## Your instructions
Every line from the one with "by (induction j) auto" to the one with "set (map fst", including those two, is to be copied exactly; all other lines of the entries below are left out.

Collected data entries:
------------------------

lemma Prob_cfg0_paths_nonneg: "c \<in> set (cfg_paths t cfg0) \<Longrightarrow> 0 \<le> Prob (fst c)"
  by (erule Prob_cfg_paths_nonneg[rotated]) (simp add: cfg0_def init_def Prob_def)

lemma mass_outside_shift:
  assumes "c \<in> set (cfg_paths t cfg0)"
  shows "mass_outside c i \<le> mass_outside cfg0 (t + i)"
proof -
  have "mass_outside c i \<le> (\<Sum>c''\<leftarrow>cfg_paths t cfg0. mass_outside c'' i)"
    using assms Prob_cfg0_paths_nonneg mass_outside_nonneg by (intro member_le_sum_list) auto
  also have "\<dots> = mass_outside cfg0 (t + i)"
    unfolding mass_outside_def kleisli_pow_add sum_list_filter_concat_map ..
  finally show ?thesis .
qed

lemma mass_outside_unbounded:
  "\<exists>t c. c \<in> set (cfg_paths t cfg0) \<and> stage_start c \<and> real N \<le> (\<Sum>k<t. mass_outside cfg0 k)"
proof (induction N)
  case 0
  have "stage_start cfg0"
    using start_outside by (simp add: stage_start_def cfg0_def init_def Prob_def pstate_of_def)
  then show ?case by (intro exI[of _ 0] exI[of _ cfg0]) simp
next
  case (Suc N)
  then obtain t c where c: "c \<in> set (cfg_paths t cfg0)" "stage_start c"
    and N: "real N \<le> (\<Sum>k<t. mass_outside cfg0 k)"
    by blast
  obtain j c' where c': "c' \<in> set (cfg_paths j c)" "stage_start c'"
    and one: "1 \<le> (\<Sum>i<j. mass_outside c i)"
    using stage_start_next[OF c(2)] by blast
  have "c' \<in> set (cfg_paths (t + j) cfg0)"
    unfolding kleisli_pow_add using c(1) c'(1) by auto
  moreover have "(\<Sum>i<j. mass_outside c i) \<le> (\<Sum>i<j. mass_outside cfg0 (t + i))"
    using mass_outside_shift[OF c(1)] by (intro sum_mono)
  moreover have "(\<Sum>k<t + j. mass_outside cfg0 k) =
      (\<Sum>k<t. mass_outside cfg0 k) + (\<Sum>i<j. mass_outside cfg0 (t + i))"
    by (induction j) auto
  ultimately have "real (Suc N) \<le> (\<Sum>k<t + j. mass_outside cfg0 k)"
    using N one by simp
  with \<open>c' \<in> set (cfg_paths (t + j) cfg0)\<close> show ?case using c'(2) by blast
qed

lemma mass_outside_le_live_mass: "mass_outside cfg0 k \<le> real_of_rat (live_mass sched \<sigma>0 k)"
proof -
  have paths: "map fst (cfg_paths k cfg0) = exec_states sched \<sigma>0 k"
    unfolding exec_states_def using cfg_paths_fst[OF cfg0_reachable] by (simp add: cfg0_def)
  have nonneg: "0 \<le> real_of_rat (Prob s)" if "s \<in> set (map fst (cfg_paths k cfg0))" for s
    using that Prob_cfg0_paths_nonneg by auto
  have outside: "\<not> terminal_e s" if "pstate_of s \<notin> T" for s
    using that terminals_subset
    by (force simp: terminals_def terminal_def terminal_e_def pstate_of_def)
  have "mass_outside cfg0 k =
      (\<Sum>s\<leftarrow>filter (\<lambda>s. pstate_of s \<notin> T) (map fst (cfg_paths k cfg0)). real_of_rat (Prob s))"
    unfolding mass_outside_def weight_def by (simp add: filter_map comp_def)
  also have "\<dots> \<le>
      (\<Sum>s\<leftarrow>filter (\<lambda>s. \<not> terminal_e s) (map fst (cfg_paths k cfg0)). real_of_rat (Prob s))"
    using nonneg outside by (rule sum_list_filter_mono)
  also have "\<dots> = real_of_rat (live_mass sched \<sigma>0 k)"
    unfolding live_mass_def paths of_rat_sum_list ..
  finally show ?thesis .
qed

lemma ExpRuntime_sched: "ExpRuntime \<sigma>0 sched = \<infinity>"
proof (rule ExpRuntime_infinite)
  fix N :: real
  obtain n :: nat where "N \<le> real n" using real_arch_simple by blast
  moreover obtain t where "real n \<le> (\<Sum>k<t. mass_outside cfg0 k)"
    using mass_outside_unbounded[of n] by blast
  moreover have "(\<Sum>k<t. mass_outside cfg0 k) \<le> (\<Sum>k<t. real_of_rat (live_mass sched \<sigma>0 k))"
    using mass_outside_le_live_mass by (intro sum_mono)
  ultimately show "\<exists>K. N \<le> (\<Sum>k<K. real_of_rat (live_mass sched \<sigma>0 k))" by (meson order_trans)
qed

------------------------

## The completed task
    by (induction j) auto
  ultimately have "real (Suc N) \<le> (\<Sum>k<t + j. mass_outside cfg0 k)"
    using N one by simp
  with \<open>c' \<in> set (cfg_paths (t + j) cfg0)\<close> show ?case using c'(2) by blast
qed

lemma mass_outside_le_live_mass: "mass_outside cfg0 k \<le> real_of_rat (live_mass sched \<sigma>0 k)"
proof -
  have paths: "map fst (cfg_paths k cfg0) = exec_states sched \<sigma>0 k"
    unfolding exec_states_def using cfg_paths_fst[OF cfg0_reachable] by (simp add: cfg0_def)
  have nonneg: "0 \<le> real_of_rat (Prob s)" if "s \<in> set (map fst (cfg_paths k cfg0))" for s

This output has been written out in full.